Police outside of Mar-a-Lago in West Palm Beach, Florida, on Tuesday August 9, 2022.
Joe Cavaretta/South Florida Sun Sentinel/Tribune News Service via Getty Images
Trump campaign officials are considering ramping up security at Mar-a-Lago, AP reported Wednesday.
Security at Mar-a-Lago is under scrutiny after Ye was not vetted before his meeting with Trump.
But Trump dismissed the report on Thursday, saying security at the resort is “strong.”
Former President Donald Trump said Thursday that security at his Mar-a-Lago resort is “strong”, pushing back on reports that rapper Kanye West’s visit last week had prompted staff to ramp up measures.
“We have very strong security, especially with the extremely talented Secret Service Agents on premises, but when I know someone, as I did Ye, we’re not going to have my guests strip searched, thrown against walls, and otherwise physically beaten,” Trump said on a Truth Social post.
Last week the former president met with West — who also goes by the name Ye — and white supremacist Nick Fuentes at his Palm Beach club in Florida.
Despite being the only one on the guest list, Ye arrived at Mar-a-Lago with several guests including Fuentes and far-right commentator Milo Yiannopoulos.
According to a report by NBC News, the driver of the car transporting the group was waved into the resort after showing a credit card instead of a driver’s license.
The dinner prompted stinging criticism from fellow Republicans, given some of Fuentes’ previous comments, and also led to Trump campaign staff discussing introducing new security measures, the Associated Press reported.
Sources told the AP that in order to prevent a repeat, Trump’s campaign was putting in place new protocols whereby a campaign official would accompany Trump at all times, and all visitors would be fully vetted before meeting the former president.
“The anonymous sources don’t exist.
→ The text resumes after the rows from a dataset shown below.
theorem cyclically_separable_iff_two_primes:
  "cyclically_separable (carrier G) (order_supergraph_adj G) \<longleftrightarrow>
    (\<exists>p q. Factorial_Ring.prime p \<and> Factorial_Ring.prime q \<and> p \<noteq> q \<and>
       3 \<le> card (nontrivial_p_elements G p) \<and> 3 \<le> card (nontrivial_p_elements G q))"
  (is "_ \<longleftrightarrow> (\<exists>p q. ?two_primes p q)")
proof
  assume "cyclically_separable (carrier G) (order_supergraph_adj G)"
  then obtain S C1 C2 where
    C: "is_component (carrier G - S) (order_supergraph_adj G) C1"
       "is_component (carrier G - S) (order_supergraph_adj G) C2" "C1 \<noteq> C2"
    and cycles: "has_cycle_in C1 (order_supergraph_adj G)" "has_cycle_in C2 (order_supergraph_adj G)"
    by (auto simp: cyclically_separable_def cyclic_vertex_cutset_def)
  define W where "W = carrier G - S"
  have W: "W \<subseteq> carrier G" by (auto simp: W_def)
  have one: "\<one> \<notin> W"
    using C component_eq_if_one_mem[OF W] by (auto simp: is_component_def W_def)
  have cyclic_component:
    "\<exists>p. Factorial_Ring.prime p \<and> C = nontrivial_p_elements G p \<inter> W \<and>
      3 \<le> card (nontrivial_p_elements G p)"
    if C: "is_component W (order_supergraph_adj G) C" "has_cycle_in C (order_supergraph_adj G)" for C
  proof -
    obtain u where u: "u \<in> W" "C = {v. (induced_adj W (order_supergraph_adj G))\<^sup>*\<^sup>* u v}"
      using C(1) by (auto simp: is_component_def)
    obtain p where p: "Factorial_Ring.prime p" "u \<in> nontrivial_p_elements G p"
      using u W one by (auto elim: nontrivial_elementE)
    have C_eq: "C = nontrivial_p_elements G p \<inter> W"
      using component_eq_nontrivial_p_elements[OF W one p(1) u(1) p(2)] u(2) by simp
    have fin: "finite (nontrivial_p_elements G p)"
      using finite_carrier by (rule finite_nontrivial_p_elements)
    have "3 \<le> card C" using has_cycle_in_card_ge_3[OF C(2)] C_eq fin by simp
    also have "card C \<le> card (nontrivial_p_elements G p)" using C_eq fin by (simp add: card_mono)
    finally show ?thesis using p C_eq by blast
  qed
  obtain p where "Factorial_Ring.prime p" "C1 = nontrivial_p_elements G p \<inter> W"
      "3 \<le> card (nontrivial_p_elements G p)"
    using cyclic_component C(1) cycles(1) unfolding W_def by blast
  moreover obtain q where "Factorial_Ring.prime q" "C2 = nontrivial_p_elements G q \<inter> W"
      "3 \<le> card (nontrivial_p_elements G q)"
    using cyclic_component C(2) cycles(2) unfolding W_def by blast
  ultimately show "\<exists>p q. ?two_primes p q" using \<open>C1 \<noteq> C2\<close> by blast
next
  assume "\<exists>p q. ?two_primes p q"
  then obtain p q where pq: "?two_primes p q" by blast
  define W where "W = carrier G - {\<one>}"
  have W: "W \<subseteq> carrier G" "\<one> \<notin> W" by (auto simp: W_def)
  have cyclic_component:
    "is_component W (order_supergraph_adj G) (nontrivial_p_elements G r) \<and>
      has_cycle_in (nontrivial_p_elements G r) (order_supergraph_adj G)"
    if r: "Factorial_Ring.prime r" "3 \<le> card (nontrivial_p_elements G r)" for r
  proof
    have "nontrivial_p_elements G r \<noteq> {}" using r(2) by (intro notI) simp
    then obtain u where u: "u \<in> nontrivial_p_elements G r" by blast
    have NW: "nontrivial_p_elements G r \<inter> W = nontrivial_p_elements G r"
      by (auto simp: W_def nontrivial_p_elements_def)
    then have "u \<in> W" using u by blast
    then have "nontrivial_p_elements G r = {v. (induced_adj W (order_supergraph_adj G))\<^sup>*\<^sup>* u v}"
      using component_eq_nontrivial_p_elements[OF W r(1) _ u] NW by simp
    then show "is_component W (order_supergraph_adj G) (nontrivial_p_elements G r)"
      unfolding is_component_def using \<open>u \<in> W\<close> by blast
    show "has_cycle_in (nontrivial_p_elements G r) (order_supergraph_adj G)"
      by (rule has_cycle_in_clique[OF r(2) order_supergraph_adj_nontrivial_p_elements])
  qed
  have "nontrivial_p_elements G p \<noteq> nontrivial_p_elements G q"
    using pq nontrivial_p_elements_disjoint[of p q] by auto
  moreover have "{\<one>} \<subseteq> carrier G" by simp
  ultimately have "cyclic_vertex_cutset (carrier G) (order_supergraph_adj G) {\<one>}"
    using cyclic_component[of p] cyclic_component[of q] pq
    unfolding cyclic_vertex_cutset_def vertex_cutset_def W_def[symmetric] by blast
  then show "cyclically_separable (carrier G) (order_supergraph_adj G)"
    unfolding cyclically_separable_def by blast
qed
Stories to the contrary are FAKE NEWS!” Trump wrote, in response to reports of increased security at Mar-a-Lago.
Security concerns at Trump’s Florida club are well documented.
In 2017, Trump held sensitive foreign policy discussions with then-Japanese Prime Minister Shinzo Abe in full view of other guests eating dinner at the club.
Two years later, a Chinese woman trespassed into the club carrying a USB drive and a device for detecting hidden cameras.
The Secret Service found that she was able to enter the club because the name on her passport partially matched that of a club member.